::: Task data

(* Let $G$ be a connected graph on $n$ vertices with distance squared matrix $\Delta$. Let $v$ be a vertex of degree $2$ whose removal disconnects $G$, and let $u,w$ be the two neighbors of $v$. Define $\mathbf x\in\mathbb R^n$ by $x_u=x_w=1$, $x_v=-2$, and $x_i=0$ for all other vertices $i$. Then $\Delta\mathbf x=2\cdot\mathbf 1$, where $\mathbf 1$ is the all-ones vector.
   Context: For a connected graph $G$ with vertices $1,\dots,n$, the distance squared matrix $\Delta$ is the $n\times n$ matrix with $(i,j)$ entry $d_{ij}^2$, where $d_{ij}$ is the graph distance between $i$ and $j$ (with $d_{ii}=0$). *)

theory Defs
  imports "HOL-Analysis.Analysis"
begin

text \<open>A finite simple graph on the vertex type 'n (vertices = UNIV),
given by an adjacency relation E.\<close>

definition simple_graph :: "('n \<Rightarrow> 'n \<Rightarrow> bool) \<Rightarrow> bool" where
  "simple_graph E \<longleftrightarrow> (\<forall>a b. E a b \<longrightarrow> E b a) \<and> (\<forall>a. \<not> E a a)"

definition graph_connected :: "('n \<Rightarrow> 'n \<Rightarrow> bool) \<Rightarrow> bool" where
  "graph_connected E \<longleftrightarrow> (\<forall>a b. E\<^sup>*\<^sup>* a b)"

definition gdist :: "('n \<Rightarrow> 'n \<Rightarrow> bool) \<Rightarrow> 'n \<Rightarrow> 'n \<Rightarrow> nat" where
  "gdist E a b = (LEAST k. (E ^^ k) a b)"

definition degree :: "('n \<Rightarrow> 'n \<Rightarrow> bool) \<Rightarrow> 'n \<Rightarrow> nat" where
  "degree E v = card {u. E v u}"

definition is_cut_vertex :: "('n \<Rightarrow> 'n \<Rightarrow> bool) \<Rightarrow> 'n \<Rightarrow> bool" where
  "is_cut_vertex E v \<longleftrightarrow>
     (\<exists>a b. a \<noteq> v \<and> b \<noteq> v \<and> \<not> (\<lambda>x y. E x y \<and> x \<noteq> v \<and> y \<noteq> v)\<^sup>*\<^sup>* a b)"

definition dist_sq_matrix :: "('n::finite \<Rightarrow> 'n \<Rightarrow> bool) \<Rightarrow> real ^ 'n ^ 'n" where
  "dist_sq_matrix E = (\<chi> i j. (real (gdist E i j))\<^sup>2)"

end

theory Submission
  imports Defs
begin

text \<open>Deleting the cut vertex v splits the remaining vertices into the component of u and
  that of w. A walk from a vertex i on the side of u to v or to w has to pass through u and then
  through v, so with a = d(i,u) we get d(i,v) = a + 1 and d(i,w) = a + 2, and the i-th entry
  of \<open>\<Delta>x\<close> is a^2 + (a + 2)^2 - 2(a + 1)^2 = 2. The side of w is symmetric, and the row of
  v itself gives 1 + 1 - 0.\<close>

definition del_vertex :: "('n \<Rightarrow> 'n \<Rightarrow> bool) \<Rightarrow> 'n \<Rightarrow> 'n \<Rightarrow> 'n \<Rightarrow> bool" where
  "del_vertex E v x y \<longleftrightarrow> E x y \<and> x \<noteq> v \<and> y \<noteq> v"

lemma is_cut_vertex_del_vertex:
  "is_cut_vertex E v \<longleftrightarrow> (\<exists>a b. a \<noteq> v \<and> b \<noteq> v \<and> \<not> (del_vertex E v)\<^sup>*\<^sup>* a b)"
  unfolding is_cut_vertex_def del_vertex_def by simp

lemma del_vertex_rtranclp_avoids:
  assumes "(del_vertex E v)\<^sup>*\<^sup>* a b" "a \<noteq> v"
  shows "b \<noteq> v"
  using assms by (induction rule: rtranclp_induct) (auto simp: del_vertex_def)

lemma del_vertex_rtranclp_sym:
  assumes "simple_graph E" "(del_vertex E v)\<^sup>*\<^sup>* a b"
  shows "(del_vertex E v)\<^sup>*\<^sup>* b a"
proof -
  have "symp (del_vertex E v)"
    using assms(1) by (auto simp: simple_graph_def del_vertex_def intro: sympI)
  then show ?thesis
    using assms(2) by (blast dest: sympD[OF symp_rtranclp])
qed

lemma walk_leaves_component:
  assumes "(E ^^ k) a b" "a \<noteq> v" "\<not> (del_vertex E v)\<^sup>*\<^sup>* a b"
  shows "\<exists>c m. m < k \<and> (del_vertex E v)\<^sup>*\<^sup>* a c \<and> E c v \<and> (E ^^ m) a c \<and> (E ^^ (k - Suc m)) v b"
  using assms
proof (induction k arbitrary: a)
  case 0
  then show ?case by simp
next
  case (Suc k)
  from \<open>(E ^^ Suc k) a b\<close> obtain y where "E a y" and y_b: "(E ^^ k) y b"
    by (blast elim: relpowp_Suc_E2)
  show ?case
  proof (cases "y = v")
    case True
    then show ?thesis
      using \<open>E a y\<close> y_b by (intro exI[of _ a] exI[of _ 0]) auto
  next
    case False
    with \<open>E a y\<close> \<open>a \<noteq> v\<close> have "del_vertex E v a y"
      by (simp add: del_vertex_def)
    with Suc.prems(3) have "\<not> (del_vertex E v)\<^sup>*\<^sup>* y b"
      by (meson converse_rtranclp_into_rtranclp)
    from Suc.IH[OF y_b False this] obtain c m where
      "m < k" "(del_vertex E v)\<^sup>*\<^sup>* y c" "E c v" "(E ^^ m) y c" "(E ^^ (k - Suc m)) v b"
      by blast
    moreover have "(E ^^ Suc m) a c"
      using \<open>E a y\<close> \<open>(E ^^ m) y c\<close> by (rule relpowp_Suc_I2)
    ultimately show ?thesis
      using \<open>del_vertex E v a y\<close>
      by (intro exI[of _ c] exI[of _ "Suc m"]) (auto intro: converse_rtranclp_into_rtranclp)
  qed
qed

lemma gdist_le: "(E ^^ k) a b \<Longrightarrow> gdist E a b \<le> k"
  unfolding gdist_def by (rule Least_le)

lemma relpowp_gdist: "E\<^sup>*\<^sup>* a b \<Longrightarrow> (E ^^ gdist E a b) a b"
  unfolding gdist_def by (metis rtranclp_imp_relpowp LeastI)

lemma gdist_self: "gdist E a a = 0"
  using gdist_le[of 0 E a a] by simp

lemma gdist_edge:
  assumes "simple_graph E" "E a b"
  shows "gdist E a b = 1"
proof -
  have "(E ^^ 1) a b"
    using assms(2) by (simp only: relpowp_1)
  then have "gdist E a b \<le> 1"
    by (rule gdist_le)
  moreover have "gdist E a b \<noteq> 0"
    using relpowp_gdist[OF r_into_rtranclp[of E, OF assms(2)]] assms
    unfolding simple_graph_def by (cases "gdist E a b") auto
  ultimately show ?thesis by linarith
qed

lemma gdist_triangle:
  assumes "E\<^sup>*\<^sup>* a c" "E\<^sup>*\<^sup>* c b"
  shows "gdist E a b \<le> gdist E a c + gdist E c b"
proof -
  have "(E ^^ (gdist E a c + gdist E c b)) a b"
    using relpowp_gdist[OF assms(1)] relpowp_gdist[OF assms(2)] by (auto simp: relpowp_add)
  then show ?thesis by (rule gdist_le)
qed

lemma gdist_through:
  assumes "E\<^sup>*\<^sup>* a b"
    and through: "\<And>k. (E ^^ k) a b \<Longrightarrow> \<exists>m\<le>k. (E ^^ m) a c \<and> (E ^^ (k - m)) c b"
  shows "gdist E a b = gdist E a c + gdist E c b"
proof -
  obtain m where "m \<le> gdist E a b" "(E ^^ m) a c" "(E ^^ (gdist E a b - m)) c b"
    using through[OF relpowp_gdist[OF assms(1)]] by blast
  then have "gdist E a c + gdist E c b \<le> gdist E a b"
    using gdist_le[of m E a c] gdist_le[of "gdist E a b - m" E c b] by linarith
  moreover have "gdist E a b \<le> gdist E a c + gdist E c b"
    using \<open>(E ^^ m) a c\<close> \<open>(E ^^ (gdist E a b - m)) c b\<close>
    by (blast intro: gdist_triangle relpowp_imp_rtranclp)
  ultimately show ?thesis by linarith
qed

lemma neighbours_of_degree_2:
  fixes E :: "'n::finite \<Rightarrow> 'n \<Rightarrow> bool"
  assumes "degree E v = 2" "u \<noteq> w" "E v u" "E v w"
  shows "{c. E v c} = {u, w}"
proof -
  have "card {u, w} = card {c. E v c}"
    using assms(1,2) unfolding degree_def by simp
  with assms(3,4) show ?thesis
    by (intro card_subset_eq[symmetric]) auto
qed

context
  fixes E :: "'n \<Rightarrow> 'n \<Rightarrow> bool" and u v w :: 'n
  assumes simple: "simple_graph E"
    and connected: "graph_connected E"
    and neighbours: "{c. E v c} = {u, w}"
begin

lemma connected_rtranclp: "E\<^sup>*\<^sup>* a b"
  using connected unfolding graph_connected_def by blast

lemma neighbour_of_cut: "E c v \<Longrightarrow> c = u \<or> c = w"
  using simple neighbours unfolding simple_graph_def by blast

lemma in_component_of_neighbour:
  assumes "i \<noteq> v"
  shows "(del_vertex E v)\<^sup>*\<^sup>* u i \<or> (del_vertex E v)\<^sup>*\<^sup>* w i"
proof -
  obtain k where "(E ^^ k) i v"
    using rtranclp_imp_relpowp[OF connected_rtranclp] by blast
  moreover have "\<not> (del_vertex E v)\<^sup>*\<^sup>* i v"
    using del_vertex_rtranclp_avoids[OF _ assms] by blast
  ultimately obtain c where "(del_vertex E v)\<^sup>*\<^sup>* i c" "E c v"
    using walk_leaves_component[OF _ assms] by meson
  then have "(del_vertex E v)\<^sup>*\<^sup>* c i" "c = u \<or> c = w"
    using del_vertex_rtranclp_sym[OF simple] neighbour_of_cut by auto
  then show ?thesis by auto
qed

lemma neighbours_disconnected:
  assumes "is_cut_vertex E v"
  shows "\<not> (del_vertex E v)\<^sup>*\<^sup>* u w"
proof
  assume "(del_vertex E v)\<^sup>*\<^sup>* u w"
  then have "(del_vertex E v)\<^sup>*\<^sup>* u i" if "i \<noteq> v" for i
    using in_component_of_neighbour[OF that] by (blast intro: rtranclp_trans)
  moreover obtain a b where "a \<noteq> v" "b \<noteq> v" "\<not> (del_vertex E v)\<^sup>*\<^sup>* a b"
    using assms unfolding is_cut_vertex_del_vertex by blast
  ultimately show False
    using del_vertex_rtranclp_sym[OF simple] by (blast intro: rtranclp_trans)
qed

lemma not_connected_to_both_neighbours:
  assumes "is_cut_vertex E v"
  shows "\<not> (del_vertex E v)\<^sup>*\<^sup>* i u \<or> \<not> (del_vertex E v)\<^sup>*\<^sup>* i w"
proof (rule ccontr)
  assume "\<not> ?thesis"
  then have "(del_vertex E v)\<^sup>*\<^sup>* u i" "(del_vertex E v)\<^sup>*\<^sup>* i w"
    using del_vertex_rtranclp_sym[OF simple] by auto
  then have "(del_vertex E v)\<^sup>*\<^sup>* u w"
    by (rule rtranclp_trans)
  with neighbours_disconnected[OF assms] show False
    by contradiction
qed

lemma gdist_on_side_of_u:
  assumes "i \<noteq> v" "\<not> (del_vertex E v)\<^sup>*\<^sup>* i w"
  shows "gdist E i v = gdist E i u + 1" "gdist E i w = gdist E i u + 2"
proof -
  have "E v u" "E v w"
    using neighbours by auto
  then have "E u v"
    using simple unfolding simple_graph_def by blast
  have "gdist E i v = gdist E i u + gdist E u v"
  proof (rule gdist_through[OF connected_rtranclp])
    fix k assume "(E ^^ k) i v"
    moreover have "\<not> (del_vertex E v)\<^sup>*\<^sup>* i v"
      using del_vertex_rtranclp_avoids[OF _ assms(1)] by blast
    ultimately obtain c m where "m < k" "(del_vertex E v)\<^sup>*\<^sup>* i c" "E c v"
      "(E ^^ m) i c" "(E ^^ (k - Suc m)) v v"
      using walk_leaves_component[OF _ assms(1)] by meson
    moreover from this have "c = u"
      using neighbour_of_cut assms(2) by blast
    moreover have "(E ^^ (k - m)) u v"
      using relpowp_Suc_I2[OF \<open>E u v\<close> \<open>(E ^^ (k - Suc m)) v v\<close>]
      by (simp only: Suc_diff_Suc[OF \<open>m < k\<close>])
    ultimately show "\<exists>m\<le>k. (E ^^ m) i u \<and> (E ^^ (k - m)) u v"
      by (intro exI[of _ m]) simp
  qed
  then show i_v: "gdist E i v = gdist E i u + 1"
    using gdist_edge[OF simple \<open>E u v\<close>] by simp
  have "gdist E i w = gdist E i v + gdist E v w"
  proof (rule gdist_through[OF connected_rtranclp])
    fix k assume "(E ^^ k) i w"
    then obtain c m where "m < k" "E c v" "(E ^^ m) i c" "(E ^^ (k - Suc m)) v w"
      using walk_leaves_component[OF _ assms] by meson
    moreover have "(E ^^ Suc m) i v"
      using \<open>(E ^^ m) i c\<close> \<open>E c v\<close> by (rule relpowp_Suc_I)
    ultimately show "\<exists>m\<le>k. (E ^^ m) i v \<and> (E ^^ (k - m)) v w"
      by (blast intro: Suc_leI)
  qed
  then show "gdist E i w = gdist E i u + 2"
    using i_v gdist_edge[OF simple \<open>E v w\<close>] by simp
qed

end

lemma dist_sq_second_difference:
  assumes "simple_graph E" "graph_connected E" "{c. E v c} = {u, w}" "is_cut_vertex E v"
  shows "(real (gdist E i u))\<^sup>2 + (real (gdist E i w))\<^sup>2 - 2 * (real (gdist E i v))\<^sup>2 = 2"
proof (cases "i = v")
  case True
  have "E v u" "E v w"
    using assms(3) by auto
  with True show ?thesis
    using gdist_self gdist_edge[OF assms(1)] by simp
next
  case False
  have neighbours': "{c. E v c} = {w, u}"
    using assms(3) by auto
  from not_connected_to_both_neighbours[OF assms] show ?thesis
  proof
    assume "\<not> (del_vertex E v)\<^sup>*\<^sup>* i u"
    from gdist_on_side_of_u[OF assms(1,2) neighbours' False this] show ?thesis
      by (simp add: power2_eq_square algebra_simps)
  next
    assume "\<not> (del_vertex E v)\<^sup>*\<^sup>* i w"
    from gdist_on_side_of_u[OF assms(1-3) False this] show ?thesis
      by (simp add: power2_eq_square algebra_simps)
  qed
qed

lemma matrix_vector_mult_second_difference:
  fixes A :: "'a::comm_ring_1 ^ 'n ^ 'm"
  assumes "u \<noteq> w" "u \<noteq> v" "w \<noteq> v"
  shows "(A *v (\<chi> j. if j = u \<or> j = w then 1 else if j = v then -2 else 0)) $ i
           = A $ i $ u + A $ i $ w - 2 * A $ i $ v"
proof -
  have "(A *v (\<chi> j. if j = u \<or> j = w then 1 else if j = v then -2 else 0)) $ i
        = (\<Sum>j\<in>UNIV. A $ i $ j * (if j = u \<or> j = w then 1 else if j = v then -2 else 0))"
    by (simp add: matrix_vector_mult_def)
  also have "\<dots> = (\<Sum>j\<in>UNIV. (if j = u then A $ i $ u else 0) + (if j = w then A $ i $ w else 0)
                      - (if j = v then 2 * A $ i $ v else 0))"
    using assms by (intro sum.cong) auto
  also have "\<dots> = A $ i $ u + A $ i $ w - 2 * A $ i $ v"
    by (simp add: sum.distrib sum_subtractf)
  finally show ?thesis .
qed

theorem lemma3p3:
  fixes E :: "'n::finite \<Rightarrow> 'n \<Rightarrow> bool" and u v w :: 'n and x :: "real ^ 'n"
  assumes "simple_graph E"
    and "graph_connected E"
    and "degree E v = 2"
    and "is_cut_vertex E v"
    and "u \<noteq> w" and "E v u" and "E v w"
    and "x = (\<chi> i. if i = u \<or> i = w then 1 else if i = v then -2 else 0)"
  shows "dist_sq_matrix E *v x = (\<chi> i. 2)"
proof -
  have neighbours: "{c. E v c} = {u, w}"
    using neighbours_of_degree_2 assms(3,5-7) .
  have "u \<noteq> v" "w \<noteq> v"
    using assms(1,6,7) unfolding simple_graph_def by auto
  then show ?thesis
    unfolding assms(8) vec_eq_iff
    using matrix_vector_mult_second_difference[OF assms(5), where A = "dist_sq_matrix E"]
      dist_sq_second_difference[OF assms(1,2) neighbours assms(4)]
    by (simp add: dist_sq_matrix_def)
qed

end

::::::

■ **What to do**: Provide the count of lines above that contain "symmetric", without any other words.

■ **Your response**: 2